How to complete this task: Reproduce, exactly and in full, only the lines below from the one containing "then obtain w0" through the one containing "unfolding K_def by measurable".

START Given information

lemma zero_extension_borel_representative:
  fixes u :: "'a::euclidean_space \<Rightarrow> real"
  assumes "set_borel_measurable lebesgue S u" "S \<in> sets borel"
  obtains w where "w \<in> borel_measurable borel" "\<And>x. x \<notin> S \<Longrightarrow> w x = 0"
    "AE x in lborel. w x = indicator S x * u x"
proof -
  have "(\<lambda>x. indicator S x * u x) \<in> borel_measurable lebesgue"
    using assms(1) by (simp add: set_borel_measurable_def)
  then obtain w0 where w0: "w0 \<in> borel_measurable lborel" "AE x in lborel. indicator S x * u x = w0 x"
    using completion_ex_borel_measurable_real by blast
  show thesis
  proof (rule that[of "\<lambda>x. indicator S x * w0 x"])
    show "(\<lambda>x. indicator S x * w0 x) \<in> borel_measurable borel"
      using w0(1) assms(2) by simp
    show "AE x in lborel. indicator S x * w0 x = indicator S x * u x"
      using w0(2) by eventually_elim (auto simp: indicator_def)
  qed simp
qed

text \<open>The kernel profile need not be measurable; integrability of its second moment in direction
  \<open>i\<close> makes \<open>(h $ i)\<^sup>2 * k h\<close> Lebesgue measurable, and dividing a Borel representative of it by
  \<open>(h $ i)\<^sup>2\<close>, which vanishes only on a null hyperplane, gives a Borel representative of \<open>k\<close>.\<close>
lemma borel_kernel_of_integrable_moment:
  fixes k :: "real^'n \<Rightarrow> real" and x0 :: "real^'n"
  assumes int: "integrable lebesgue (\<lambda>y. ((y - x0) $ i)^2 * k (y - x0))"
    and k_nonneg: "\<And>h. 0 \<le> k h"
  obtains K where "K \<in> borel_measurable borel" "\<And>h. 0 \<le> K h" "AE h in lborel. K h = k h"
    "(\<integral>\<^sup>+ h. ennreal ((h $ i)^2 * K h) \<partial>lborel)
       = ennreal (LINT y|lebesgue. ((y - x0) $ i)^2 * k (y - x0))"
proof -
  let ?F = "\<lambda>y. ((y - x0) $ i)^2 * k (y - x0)"
  obtain G where G: "G \<in> borel_measurable lborel" "AE y in lborel. ?F y = G y"
    using completion_ex_borel_measurable_real[OF borel_measurable_integrable[OF int]] by blast
  have [measurable]: "G \<in> borel_measurable borel"
    using G(1) by simp
  define K where "K h = max 0 (G (x0 + h)) / (h $ i)^2" for h
  have G_shift: "AE h in lborel. ?F (x0 + h) = G (x0 + h)"
    using G(2) by (rule AE_lborel_translate)
  have moment: "AE h in lborel. (h $ i)^2 * K h = (h $ i)^2 * k h"
    using G_shift AE_lborel_component_neq_0[of i]
  proof eventually_elim
    case (elim h)
    then have "G (x0 + h) = (h $ i)^2 * k h"
      by simp
    moreover have "0 \<le> (h $ i)^2 * k h"
      using k_nonneg by simp
    ultimately show ?case
      using elim(2) by (simp add: K_def)
  qed
  show thesis
  proof (rule that)
    show "K \<in> borel_measurable borel"
      unfolding K_def by measurable
    show "0 \<le> K h" for h
      by (simp add: K_def)
    show "AE h in lborel. K h = k h"
      using moment AE_lborel_component_neq_0[of i] by eventually_elim simp
    have "AE h in lborel. ennreal ((h $ i)^2 * K h) = ennreal (G (x0 + h))"
      using moment G_shift by eventually_elim auto
    then have "(\<integral>\<^sup>+ h. ennreal ((h $ i)^2 * K h) \<partial>lborel) = (\<integral>\<^sup>+ h. ennreal (G (x0 + h)) \<partial>lborel)"
      by (rule nn_integral_cong_AE)
    also have "\<dots> = (\<integral>\<^sup>+ y. ennreal (G y) \<partial>lborel)"
      by (rule nn_integral_lborel_translate) simp
    also have "\<dots> = (\<integral>\<^sup>+ y. ennreal (?F y) \<partial>lebesgue)"
      unfolding nn_integral_completion using G(2) by (intro nn_integral_cong_AE) auto
    also have "\<dots> = ennreal (LINT y|lebesgue. ?F y)"
      using int k_nonneg by (intro nn_integral_eq_integral) auto
    finally show "(\<integral>\<^sup>+ h. ennreal ((h $ i)^2 * K h) \<partial>lborel) = ennreal (LINT y|lebesgue. ?F y)" .
  qed
qed

section \<open>Shift energy and a nonlocal Poincare inequality\<close>

definition shift_energy :: "('a::euclidean_space \<Rightarrow> real) \<Rightarrow> 'a \<Rightarrow> ennreal" where
  "shift_energy w h = (\<integral>\<^sup>+ x. ennreal ((w (x + h) - w x)^2) \<partial>lborel)"

lemma shift_energy_add_self_le:
  assumes [measurable]: "w \<in> borel_measurable borel"
  shows "shift_energy w (h + h) \<le> 4 * shift_energy w h"
proof -
  let ?f = "\<lambda>x. ennreal ((w (x + h) - w x)^2)"
  have "shift_energy w (h + h) \<le> (\<integral>\<^sup>+ x. 2 * ?f (h + x) + 2 * ?f x \<partial>lborel)"
    unfolding shift_energy_def
  proof (rule nn_integral_mono)
    fix x
    have "(w (x + (h + h)) - w x)^2 \<le> 2 * (w (h + x + h) - w (h + x))^2 + 2 * (w (x + h) - w x)^2"
      using sum_squares_bound[of "w (x + h + h) - w (x + h)" "w (x + h) - w x"]
      by (simp add: algebra_simps power2_eq_square)
    then have "ennreal ((w (x + (h + h)) - w x)^2)
        \<le> ennreal (2 * (w (h + x + h) - w (h + x))^2 + 2 * (w (x + h) - w x)^2)"
      by (rule ennreal_leI)
    then show "ennreal ((w (x + (h + h)) - w x)^2) \<le> 2 * ?f (h + x) + 2 * ?f x"
      by (simp add: ennreal_mult add.assoc)
  qed
  also have "\<dots> = 2 * (\<integral>\<^sup>+ x. ?f (h + x) \<partial>lborel) + 2 * (\<integral>\<^sup>+ x. ?f x \<partial>lborel)"
    by (simp add: nn_integral_add nn_integral_cmult)
  also have "(\<integral>\<^sup>+ x. ?f (h + x) \<partial>lborel) = (\<integral>\<^sup>+ x. ?f x \<partial>lborel)"
    by (rule nn_integral_lborel_translate) simp
  finally show ?thesis
    by (simp add: shift_energy_def flip: distrib_right)
qed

END Given information

Response to this task:
  then obtain w0 where w0: "w0 \<in> borel_measurable lborel" "AE x in lborel. indicator S x * u x = w0 x"
    using completion_ex_borel_measurable_real by blast
  show thesis
  proof (rule that[of "\<lambda>x. indicator S x * w0 x"])
    show "(\<lambda>x. indicator S x * w0 x) \<in> borel_measurable borel"
      using w0(1) assms(2) by simp
    show "AE x in lborel. indicator S x * w0 x = indicator S x * u x"
      using w0(2) by eventually_elim (auto simp: indicator_def)
  qed simp
qed

text \<open>The kernel profile need not be measurable; integrability of its second moment in direction
  \<open>i\<close> makes \<open>(h $ i)\<^sup>2 * k h\<close> Lebesgue measurable, and dividing a Borel representative of it by
  \<open>(h $ i)\<^sup>2\<close>, which vanishes only on a null hyperplane, gives a Borel representative of \<open>k\<close>.\<close>
lemma borel_kernel_of_integrable_moment:
  fixes k :: "real^'n \<Rightarrow> real" and x0 :: "real^'n"
  assumes int: "integrable lebesgue (\<lambda>y. ((y - x0) $ i)^2 * k (y - x0))"
    and k_nonneg: "\<And>h. 0 \<le> k h"
  obtains K where "K \<in> borel_measurable borel" "\<And>h. 0 \<le> K h" "AE h in lborel. K h = k h"
    "(\<integral>\<^sup>+ h. ennreal ((h $ i)^2 * K h) \<partial>lborel)
       = ennreal (LINT y|lebesgue. ((y - x0) $ i)^2 * k (y - x0))"
proof -
  let ?F = "\<lambda>y. ((y - x0) $ i)^2 * k (y - x0)"
  obtain G where G: "G \<in> borel_measurable lborel" "AE y in lborel. ?F y = G y"
    using completion_ex_borel_measurable_real[OF borel_measurable_integrable[OF int]] by blast
  have [measurable]: "G \<in> borel_measurable borel"
    using G(1) by simp
  define K where "K h = max 0 (G (x0 + h)) / (h $ i)^2" for h
  have G_shift: "AE h in lborel. ?F (x0 + h) = G (x0 + h)"
    using G(2) by (rule AE_lborel_translate)
  have moment: "AE h in lborel. (h $ i)^2 * K h = (h $ i)^2 * k h"
    using G_shift AE_lborel_component_neq_0[of i]
  proof eventually_elim
    case (elim h)
    then have "G (x0 + h) = (h $ i)^2 * k h"
      by simp
    moreover have "0 \<le> (h $ i)^2 * k h"
      using k_nonneg by simp
    ultimately show ?case
      using elim(2) by (simp add: K_def)
  qed
  show thesis
  proof (rule that)
    show "K \<in> borel_measurable borel"
      unfolding K_def by measurable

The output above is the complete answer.